Even before my feet touched the red earth at the World Heritage Area of Willandra Lakes, I had to consider and prepare for how I might interpret this unique landscape. After all, everything I thought I needed to make art with had to be brought in. We would be a very long way from a supplier of the artists' materials that I was used to.
I've organised countless artist residencies, projects, and events over the last ten years. Artists would tell me what palette they regularly use and the materials they needed to execute a series of paintings in a place. Their colour palette was prescribed no matter where they painted… and the argument that the few basic colours allow artists to create an expansive palette is valid. Still, if the initially selected palette is not considered carefully, then that landscape's subtleties can not be truthfully represented.
So when arriving in Mungo (for the residency), I was determined to explore every colour that Winsor & Newton had developed in its watercolour range. I hoped to find the truth between the landscape before and the artists' palette (the landscape of commercially produced colour pigments- artists colours.
It's been a lifelong pursuit to come to know a place and a colour, and I'm only concentrating on red pigments.
It is a specific colour interest that led me to Mungo. I heard the story of Mungo Woman and Mungo Man. Mungo Woman had revealed herself in 1968 – the year I was born – the traditional owners of this land believe there is a reason for her revealing herself. Her stories need to be told, and questions to be asked. Her presence is in this place. Mungo Man, however, intrigued me for a different reason. His cremated body was laid in the earth very purposefully, with red ochre (not from this area) scattered across his body.
Why was this red ochre so significant to have been placed with this man? The red ochre is different from the red earth and dirt that seemed so intense in contrast to the outback's cool, vivid blue sky. The red ochre has an intensity that lives on its own, and that colour has a power and strength that remained for 45,000 years on mungo man.
These thoughts led me to question… what artists' colours in my paintbox would I use to capture that same intensity?
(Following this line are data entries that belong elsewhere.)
lemma occurs_at_U_p_iff: "occurs_at U p x \<longleftrightarrow> (\<exists>k. x = pos k)"
proof
  assume occ: "occurs_at U p x"
  obtain k where k: "pos k \<le> x" "x < pos (Suc k)"
    by (rule pos_interval)
  define d where "d = x - pos k"
  have "seg U (pos k + d) (length p) = p"
    using occ k unfolding d_def occurs_at_iff_seg by simp
  moreover have "d \<le> length (f (u k))"
    using k pos_Suc[of k] unfolding d_def by simp
  then have "seg U (pos k + d) (length p) = take (length p) (drop d (f (u k) @ p))"
    unfolding seg_U_pos_Suc[symmetric] by (simp add: drop_seg take_seg)
  ultimately have "d \<in> occurrences p (f (u k) @ p)"
    unfolding occurrences_def using k pos_Suc[of k] unfolding d_def by simp
  then have "d = 0"
    using occurrences_p[of "u k"] k pos_Suc[of k] unfolding d_def by auto
  then show "\<exists>k. x = pos k"
    using k unfolding d_def by auto
next
  assume "\<exists>k. x = pos k"
  then obtain k where "x = pos k"
    by blast
  then show "occurs_at U p x"
    using seg_U_pos[of k 0] by (simp add: occurs_at_iff_seg)
qed

lemma seg_U_before_pos:
  assumes "s \<le> pos k"
  shows "seg U (pos k - s) s = drop (pos k - s) (morph f (pref u k))"
proof -
  have "pref U (pos k) = morph f (pref u k)"
    using arg_cong[OF pref_U_pos[of k], of "take (pos k)"] by (simp add: take_pref pos_def)
  then show ?thesis
    using drop_pref[of "pos k - s" U "pos k"] assms by simp
qed

lemma seg_U_after_pos:
  assumes "s \<le> length (f (u k))"
  shows "seg U (pos k + length p) s = take s (rev (f (u k)))"
proof -
  have "drop (length p) (seg U (pos k) (length (f (u k)) + length p)) = rev (f (u k))"
    unfolding seg_U_pos_Suc image_append_p by simp
  then have "take s (seg U (pos k + length p) (length (f (u k)))) = take s (rev (f (u k)))"
    by (simp add: drop_seg)
  then show ?thesis
    using assms by (simp add: take_seg)
qed

lemma seg_U_before_pos_iff:
  assumes "length a \<le> pos k"
  shows "seg U (pos k - length a) (length a) = a \<longleftrightarrow> suffix a (morph f (pref u k))"
  using seg_U_before_pos[OF assms] drop_eq_iff_suffix[of a "morph f (pref u k)"] assms
  by (simp add: pos_def)

lemma seg_U_after_pos_iff:
  assumes "length a \<le> length (f (u k))"
  shows "seg U (pos k + length p) (length a) = rev a \<longleftrightarrow> suffix a (f (u k))"
  using seg_U_after_pos[OF assms] take_rev_eq_iff_suffix[OF assms] by simp

lemma seg_U_block_palindrome_decompose:
  assumes "i \<le> j" "s \<le> pos i"
  shows "seg U (pos i - s) (pos j - pos i + length p + 2 * s) =
    seg U (pos i - s) s @ (morph f (seg u i (j - i)) @ p) @ seg U (pos j + length p) s"
proof -
  define m where "m = length (morph f (seg u i (j - i))) + length p"
  have j: "pos j + length p = pos i + m"
    using pos_add[of i "j - i"] assms(1) unfolding m_def by simp
  have split: "seg U (pos i - s) (s + (m + s)) =
      seg U (pos i - s) s @ seg U (pos i - s + s) m @ seg U (pos i - s + s + m) s"
    unfolding seg_add[of U "pos i - s" s "m + s"] seg_add[of U "pos i - s + s" m s] ..
  have "pos i \<le> pos j"
    using assms(1) by simp
  then have start: "pos i - s + s = pos i" and len: "pos j - pos i + length p + 2 * s = s + (m + s)"
    using assms(2) j by linarith+
  have mid: "seg U (pos i) m = morph f (seg u i (j - i)) @ p"
    unfolding m_def by (rule seg_U_pos)
  show ?thesis
    unfolding len split start j[symmetric] mid ..
qed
Or what combination of colours?
It wasn't just about mixing bits and pieces together. How could I construct a red with the physical appearance and the subtle characteristic and personality of this colour?
I also investigated the lunettes' pink landscape, which led me to the Gol Gol Layer. This red layer of earth is deep dark red in its colour and is the demarcation of life in the landscape. So long ago…so old is this layer, yet it still is the platform for life…. It seeps through the layers of gypsum silica and silt from the ancient lakes. It creates soft, gentle pink streaks through the lunettes or, at times, deep rich red mounds that seem to poke through the vivid white canvas known as the walls of china.
With all this considered, my task at Mungo is to investigate the palette that captures a place, and its geology, weather, and light. The living colour of the most unique place I've ever experienced.